Quality health and life insurance coverage may be hard to find if you’ve tested positive for hepatitis C.

By: Marc S. Botts

When faced with an insidious disease like hepatitis C, paying the medical bills associated with treatment is something most patients would rather not worry about. After all, that’s what insurance is for, right?

In a nutshell, yes — if insurance is in place. But, many question whether the high costs of treatment will affect their coverage; whether changing jobs will leave them without coverage; or what will happen if they lose coverage entirely.

Joseph Luchok, communications manager for the Health Insurance Association of America, said U.S. workers are protected by laws designed to help ensure coverage for those with chronic illnesses.

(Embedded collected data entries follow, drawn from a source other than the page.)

lemma strong_peak_peak_function:
  assumes x: "norm x = 1" "loc_unif_convex_at x"
    and L: "L \<in> dual_space sc" "L x = 1" and L_le: "\<And>y. cmod (L y) \<le> norm y"
  shows "strong_peak_at (peak_function L) x"
  unfolding strong_peak_at_def
proof (intro conjI allI impI)
  show "peak_function L x = 1" using x L by (simp add: peak_function_eq)
  show "cmod (peak_function L y) \<le> 1" for y
  proof (cases "norm y \<le> 1")
    case True
    then have "cmod (1 + L y) \<le> 2" using L_le[of y] norm_triangle_ineq[of 1 "L y"] by simp
    then show ?thesis using True by (simp add: peak_function_eq norm_divide)
  qed (simp add: peak_function_def restr_ball_def)
  fix \<delta> :: real assume "\<delta> > 0"
  have L_add: "L (u + v) = L u + L v" for u v
    using L(1) unfolding dual_space_def clinear_fun_def by blast
  obtain \<eta> where "\<eta> > 0" and \<eta>: "\<And>y. norm y \<le> 1 \<Longrightarrow> 2 - \<eta> < cmod (1 + L y) \<Longrightarrow> norm (y - x) < \<delta>"
    using loc_unif_convex_localizes[OF x L_add L(2) L_le \<open>\<delta> > 0\<close>] by blast
  have "norm (y - x) < \<delta>" if "norm y \<le> 1" "1 - \<eta> / 2 < cmod (peak_function L y)" for y
    using that \<eta> by (simp add: peak_function_eq norm_divide)
  then show "\<exists>\<eta>>0. \<forall>y. norm y \<le> 1 \<longrightarrow> 1 - \<eta> < cmod (peak_function L y) \<longrightarrow> norm (y - x) < \<delta>"
    using \<open>\<eta> > 0\<close> by (intro exI[of _ "\<eta> / 2"]) auto
qed

lemma exists_strong_peak_dual:
  assumes sc: "complex_banach sc" and x: "norm x = 1" "loc_unif_convex_at x"
  obtains L where "L \<in> dual_space sc" "L x = 1" "\<And>y. cmod (L y) \<le> norm y"
    "strong_peak_at (peak_function L) x"
  using exists_norming_dual[OF sc x(1)] strong_peak_peak_function[OF x] by blast

lemma point_eval_in_spectrum:
  assumes "norm x \<le> 1"
  shows "(\<lambda>g. g x) \<in> spectrum_A_inf sc"
  unfolding spectrum_A_inf_def
proof (intro CollectI conjI ballI allI bexI)
  show "restr_ball (\<lambda>_. 1) x \<noteq> 0" using assms by (simp add: restr_ball_def)
qed (simp_all add: restr_ball_const_in_A_inf)

lemma point_eval_in_fiber: "norm x \<le> 1 \<Longrightarrow> (\<lambda>g. g x) \<in> fiber sc x"
  unfolding fiber_def using point_eval_in_spectrum by (simp add: restr_ball_def)

lemma point_eval_in_poly_fiber: "norm x \<le> 1 \<Longrightarrow> (\<lambda>g. g x) \<in> poly_fiber sc x"
  unfolding poly_fiber_def using point_eval_in_spectrum by simp

lemma fiber_eval:
  assumes sc: "complex_banach sc" and x: "norm x = 1" "loc_unif_convex_at x"
    and \<tau>: "\<tau> \<in> fiber sc x" and f: "f \<in> A_inf sc"
  shows "\<tau> f = f x"
proof -
  obtain L where L: "L \<in> dual_space sc" "L x = 1" and peak: "strong_peak_at (peak_function L) x"
    using exists_strong_peak_dual[OF sc x] by blast
  have \<tau>_spec: "\<tau> \<in> spectrum_A_inf sc" and "\<tau> (restr_ball L) = 1"
    using \<tau> L unfolding fiber_def by auto
  then have "\<tau> (peak_function L) = 1" using spectrum_peak_function[OF \<tau>_spec L(1)] by simp
  then show ?thesis
    using strong_peak_character[OF peak peak_function_in_A_inf[OF L(1)] _ \<tau>_spec _ f] x(1) by simp
qed

lemma poly_fiber_eval:
  assumes sc: "complex_banach sc" and x: "norm x = 1" "loc_unif_convex_at x"
    and \<tau>: "\<tau> \<in> poly_fiber sc x" and f: "f \<in> A_inf sc"
  shows "\<tau> f = f x"
proof -
  obtain L where L: "L \<in> dual_space sc" "\<And>y. cmod (L y) \<le> norm y"
    and peak: "strong_peak_at (peak_function L) x"
    using exists_strong_peak_dual[OF sc x] by blast
  have \<tau>_spec: "\<tau> \<in> spectrum_A_inf sc" and "\<tau> (peak_function L) = peak_function L x"
    using \<tau> peak_function_in_A_inf[OF L(1)] peak_function_uniformly_continuous[OF L]
    unfolding poly_fiber_def by blast+
  then have "\<tau> (peak_function L) = 1" using peak unfolding strong_peak_at_def by simp
  then show ?thesis
    using strong_peak_character[OF peak peak_function_in_A_inf[OF L(1)] _ \<tau>_spec _ f] x(1) by simp
qed

lemma cont_multilinear_diagonal_scaleR:
  assumes sc: "complex_banach sc" and A: "cont_multilinear sc k A"
  shows "A (\<lambda>_. r *\<^sub>R y) = complex_of_real r ^ k * A (\<lambda>_. y)"
proof -
  have agree: "\<And>v w. (\<forall>i<k. v i = w i) \<Longrightarrow> A v = A w"
    and lin: "\<And>i v. i < k \<Longrightarrow> clinear_fun sc (\<lambda>y. A (v(i := y)))"
    using A unfolding cont_multilinear_def by blast+
  have "A (\<lambda>i. if i < j then r *\<^sub>R y else y) = complex_of_real r ^ j * A (\<lambda>_. y)" if "j \<le> k" for j
    using that
  proof (induction j)
    case (Suc j)
    define v where "v = (\<lambda>i. if i < j then r *\<^sub>R y else y)"
    have "v(j := sc (complex_of_real r) (v j)) = (\<lambda>i. if i < Suc j then r *\<^sub>R y else y)"
      by (auto simp: v_def fun_eq_iff sc_of_real[OF sc])
    moreover have "A (v(j := sc (complex_of_real r) (v j))) = complex_of_real r * A (v(j := v j))"
      using lin[of j v] Suc.prems unfolding clinear_fun_def by simp
    moreover have "A v = complex_of_real r ^ j * A (\<lambda>_. y)" using Suc by (simp add: v_def)
    ultimately show ?case by simp
  qed simp
  moreover have "A (\<lambda>_. r *\<^sub>R y) = A (\<lambda>i. if i < k then r *\<^sub>R y else y)" by (rule agree) simp
  ultimately show ?thesis by simp
qed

“In the workplace, if you work for a company that offers health insurance, and you qualify for that insurance — by qualifying, I mean under the company’s standards, sometimes they don’t cover part-time employees or something — you can’t be discriminated against,” he said. Additionally, the Insurance Portability Act protects those who change jobs while under treatment for medical conditions.

Luchok said in the eyes of insurance carriers, people with certain illnesses, such as Hepatitis C Virus or HIV/AIDS, are not pigeon-holed because of the severity of their diseases or because of the costs associated with treatment.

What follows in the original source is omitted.